I wonder if Doppler shift affects this at all? I'm too just-woken-up to actually figure out how far the frequency will shift at say 60 MPH, I wonder if it's enough to push it into another channel even?
-Jesse
Nothing says "unprofessional job" like wrinkles in your duct tape.
DON'T CLICK ON THE LINK!!!! we're going to crash his car!
What units are you referring to when you quote 70up/30dn? Reading the Verizon site, they say kiloBytes per second(kBps). This indicates that multimegabit speeds are possible. But, your post appears to be saying kilobits per second(kbps) which, like a 56k modem isn't terribly exciting.
Also, your post states higher uplink speeds than downlink speeds. Is this correct? It seems contrary to most broadband connections.
I am glad it can be done. I would never have the time or money to do it. I'm glad to see people using their time and money to good use.
There's a lot of interesting social software that could be built with even partial data, but the cost of the commercial sets is so high that it discourages casual hacking.
Information: "I want to be anthropomorphized"
First of all, Tor and Garth, this is the coolest project I've seen in a while -- makes me want to build one myself.

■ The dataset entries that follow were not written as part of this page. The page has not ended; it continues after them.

(* Let $T=(T,\eta,\mu)$ be a monad on a category $\mathbb{C}$ such that for every object $X$ the pair $\eta_{TX},T\eta_X:TX\to TTX$ has an equalizer $\theta_X:DX\to TX$, and let $D$ be the associated monad. Then $D$ is idempotent if and only if for every object $X$ the morphism $T\theta_X:TDX\to TTX$ is monic. In particular, $D$ is idempotent whenever $T$ maps regular monomorphisms to monomorphisms.
   Context: The monad $D$: for $g:Y\to Z$ in $\mathbb{C}$, $Dg:DY\to DZ$ is the unique morphism with $\theta_Z\circ Dg=Tg\circ\theta_Y$; the unit $e_X:X\to DX$ is the unique morphism with $\theta_X\circ e_X=\eta_X$; the multiplication $m_X:DDX\to DX$ is the unique morphism with $\theta_X\circ m_X=\mu_X\circ T\theta_X\circ\theta_{DX}$. (Equivalently, morphisms $X\to DY$ correspond, via composition with $\theta_Y$, to morphisms $f^\sharp:X\to TY$ with $\eta_{TY}\circ f^\sharp=T\eta_Y\circ f^\sharp$, and the Kleisli category of $D$ is the corresponding subcategory of $\mathsf{Kl}(T)$.) A monad is idempotent if its multiplication is a natural isomorphism. A regular monomorphism is a morphism which is an equalizer of some pair of morphisms. *)

theory Defs
  imports Main
begin

text \<open>Categories, given explicitly by objects, arrows, domain, codomain, identities
and composition (Comp g f means g after f, defined when Cod f = Dom g).\<close>

record ('o, 'a) cat =
  Obj  :: "'o set"
  Arr  :: "'a set"
  Dom  :: "'a \<Rightarrow> 'o"
  Cod  :: "'a \<Rightarrow> 'o"
  Id   :: "'o \<Rightarrow> 'a"
  Comp :: "'a \<Rightarrow> 'a \<Rightarrow> 'a"

definition hom :: "('o, 'a) cat \<Rightarrow> 'o \<Rightarrow> 'o \<Rightarrow> 'a set" where
  "hom C X Y = {f \<in> Arr C. Dom C f = X \<and> Cod C f = Y}"

definition category :: "('o, 'a) cat \<Rightarrow> bool" where
  "category C \<longleftrightarrow>
     (\<forall>f \<in> Arr C. Dom C f \<in> Obj C \<and> Cod C f \<in> Obj C) \<and>
     (\<forall>X \<in> Obj C. Id C X \<in> hom C X X) \<and>
     (\<forall>f \<in> Arr C. \<forall>g \<in> Arr C. Cod C f = Dom C g \<longrightarrow>
         Comp C g f \<in> hom C (Dom C f) (Cod C g)) \<and>
     (\<forall>f \<in> Arr C. \<forall>g \<in> Arr C. \<forall>h \<in> Arr C.
         Cod C f = Dom C g \<longrightarrow> Cod C g = Dom C h \<longrightarrow>
         Comp C h (Comp C g f) = Comp C (Comp C h g) f) \<and>
     (\<forall>f \<in> Arr C. Comp C (Id C (Cod C f)) f = f \<and> Comp C f (Id C (Dom C f)) = f)"

definition mono :: "('o, 'a) cat \<Rightarrow> 'a \<Rightarrow> bool" where
  "mono C f \<longleftrightarrow> f \<in> Arr C \<and>
     (\<forall>g \<in> Arr C. \<forall>h \<in> Arr C. Cod C g = Dom C f \<longrightarrow> Cod C h = Dom C f \<longrightarrow>
        Dom C g = Dom C h \<longrightarrow> Comp C f g = Comp C f h \<longrightarrow> g = h)"

definition iso :: "('o, 'a) cat \<Rightarrow> 'a \<Rightarrow> bool" where
  "iso C f \<longleftrightarrow> f \<in> Arr C \<and>
     (\<exists>g \<in> hom C (Cod C f) (Dom C f).
        Comp C g f = Id C (Dom C f) \<and> Comp C f g = Id C (Cod C f))"

definition is_equalizer :: "('o, 'a) cat \<Rightarrow> 'a \<Rightarrow> 'a \<Rightarrow> 'a \<Rightarrow> bool" where
  "is_equalizer C f g e \<longleftrightarrow>
     f \<in> Arr C \<and> g \<in> Arr C \<and> Dom C f = Dom C g \<and> Cod C f = Cod C g \<and>
     e \<in> Arr C \<and> Cod C e = Dom C f \<and> Comp C f e = Comp C g e \<and>
     (\<forall>h \<in> Arr C. Cod C h = Dom C f \<longrightarrow> Comp C f h = Comp C g h \<longrightarrow>
        (\<exists>!k. k \<in> hom C (Dom C h) (Dom C e) \<and> Comp C e k = h))"

definition regular_mono :: "('o, 'a) cat \<Rightarrow> 'a \<Rightarrow> bool" where
  "regular_mono C e \<longleftrightarrow> (\<exists>f g. is_equalizer C f g e)"

definition endofunctor :: "('o, 'a) cat \<Rightarrow> ('o \<Rightarrow> 'o) \<Rightarrow> ('a \<Rightarrow> 'a) \<Rightarrow> bool" where
  "endofunctor C TO TA \<longleftrightarrow>
     (\<forall>X \<in> Obj C. TO X \<in> Obj C) \<and>
     (\<forall>f \<in> Arr C. TA f \<in> hom C (TO (Dom C f)) (TO (Cod C f))) \<and>
     (\<forall>X \<in> Obj C. TA (Id C X) = Id C (TO X)) \<and>
     (\<forall>f \<in> Arr C. \<forall>g \<in> Arr C. Cod C f = Dom C g \<longrightarrow>
        TA (Comp C g f) = Comp C (TA g) (TA f))"

definition monad ::
  "('o, 'a) cat \<Rightarrow> ('o \<Rightarrow> 'o) \<Rightarrow> ('a \<Rightarrow> 'a) \<Rightarrow> ('o \<Rightarrow> 'a) \<Rightarrow> ('o \<Rightarrow> 'a) \<Rightarrow> bool" where
  "monad C TO TA eta mu \<longleftrightarrow>
     category C \<and> endofunctor C TO TA \<and>
     (\<forall>X \<in> Obj C. eta X \<in> hom C X (TO X)) \<and>
     (\<forall>X \<in> Obj C. mu X \<in> hom C (TO (TO X)) (TO X)) \<and>
     (\<forall>f \<in> Arr C. Comp C (eta (Cod C f)) f = Comp C (TA f) (eta (Dom C f))) \<and>
     (\<forall>f \<in> Arr C. Comp C (mu (Cod C f)) (TA (TA f)) = Comp C (TA f) (mu (Dom C f))) \<and>
     (\<forall>X \<in> Obj C. Comp C (mu X) (TA (mu X)) = Comp C (mu X) (mu (TO X))) \<and>
     (\<forall>X \<in> Obj C. Comp C (mu X) (eta (TO X)) = Id C (TO X)) \<and>
     (\<forall>X \<in> Obj C. Comp C (mu X) (TA (eta X)) = Id C (TO X))"

text \<open>The associated monad D, given a choice theta of equalizers
theta X : DX \<rightarrow> TX of eta_{TX}, T eta_X.  DX is the domain of theta X.\<close>

definition DO :: "('o, 'a) cat \<Rightarrow> ('o \<Rightarrow> 'a) \<Rightarrow> 'o \<Rightarrow> 'o" where
  "DO C theta X = Dom C (theta X)"

definition DA :: "('o, 'a) cat \<Rightarrow> ('a \<Rightarrow> 'a) \<Rightarrow> ('o \<Rightarrow> 'a) \<Rightarrow> 'a \<Rightarrow> 'a" where
  "DA C TA theta g = (THE k. k \<in> hom C (DO C theta (Dom C g)) (DO C theta (Cod C g)) \<and>
       Comp C (theta (Cod C g)) k = Comp C (TA g) (theta (Dom C g)))"

definition D_unit :: "('o, 'a) cat \<Rightarrow> ('o \<Rightarrow> 'a) \<Rightarrow> ('o \<Rightarrow> 'a) \<Rightarrow> 'o \<Rightarrow> 'a" where
  "D_unit C eta theta X = (THE k. k \<in> hom C X (DO C theta X) \<and>
       Comp C (theta X) k = eta X)"

definition D_mult ::
  "('o, 'a) cat \<Rightarrow> ('a \<Rightarrow> 'a) \<Rightarrow> ('o \<Rightarrow> 'a) \<Rightarrow> ('o \<Rightarrow> 'a) \<Rightarrow> 'o \<Rightarrow> 'a" where
  "D_mult C TA mu theta X = (THE k. k \<in> hom C (DO C theta (DO C theta X)) (DO C theta X) \<and>
       Comp C (theta X) k =
         Comp C (mu X) (Comp C (TA (theta X)) (theta (DO C theta X))))"

text \<open>A monad is idempotent iff its multiplication is a natural isomorphism;
naturality holds for any monad, so this means every component is an iso.\<close>
definition D_idempotent ::
  "('o, 'a) cat \<Rightarrow> ('a \<Rightarrow> 'a) \<Rightarrow> ('o \<Rightarrow> 'a) \<Rightarrow> ('o \<Rightarrow> 'a) \<Rightarrow> bool" where
  "D_idempotent C TA mu theta \<longleftrightarrow> (\<forall>X \<in> Obj C. iso C (D_mult C TA mu theta X))"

I see that the Verizon card is CDMA. Can you build a StompBox that uses GSM networks? I'm assuming you have to find the right PCMCIA card and just swap out your Verizon card and recompile your kernel. If it could be moved from 1xRTT to GSM, it could be portable to just about any GSM network worldwide! Imagine taking the box around Europe and still have internet access to email home!
Linux at home
He could make some money off of this if he wanted. Silk screen a logo on his car, and set up a paypal based payment system, and he could rent the thing out to functions. Forget the car, put it all in one box, plug it into the wall at your outdoor wedding, and voila, Uncle Mirv can be there by webcam! Either that, or he could be nice, and get rid of the WEP, and drive around giving free (although brief) highspeed internet access to the masses.
Does anybody have more information on how to do this? I'm not interested in a live tracker as much as I am interested in being able to download from my garmin and then overlay on google maps. GPS drive sorta works by using gpsbabel, but the maps that GPS drive downloads have a bad lack of detail.
The next step will be to get it running in the flying car and adding altitude data to a 3D google map.
Like the beaver, it's just Dam one thing after another
Maybe not.
sup
Now I have to deal with idots posting to /. while driving!?!
You wanna try the same thing BUT with Collaborative Wireless Daisy Chaining? OVER DUAL EVDO? let me know... i can let you use one of our new release Dual EVDO HSDPA routers wirelessinternetcoverage.com no all i need is someone to bond the two channels for me at an isp...
if you want to use both... for 4000kbps... then just use a evdo and hsdpa coupled dual 3g router gateway to wifi... http://wirelessinternetcoverage.com and if anyone wants to bond this together at an isp... lemme know.. i'll let you borrow one.
actually, the point is that this evdo hsdpa system MAKES YOU a moving hotspot... no need for a starbucks... frappachinos are obsolete! :o)
theres more about it at http://wirelessinternetcoverage.com
Wow! That is very cool! Looks like you have copied the Junxion Box almost exactly. $200 for the Soekris board and box sure beats $699 for the same box that the boys in Seattle painted green. I like the fact that I can customize the software and the WiFi section on the Soekris unit. I am going to place an order for the Soekris box ASAP and build one or two myself.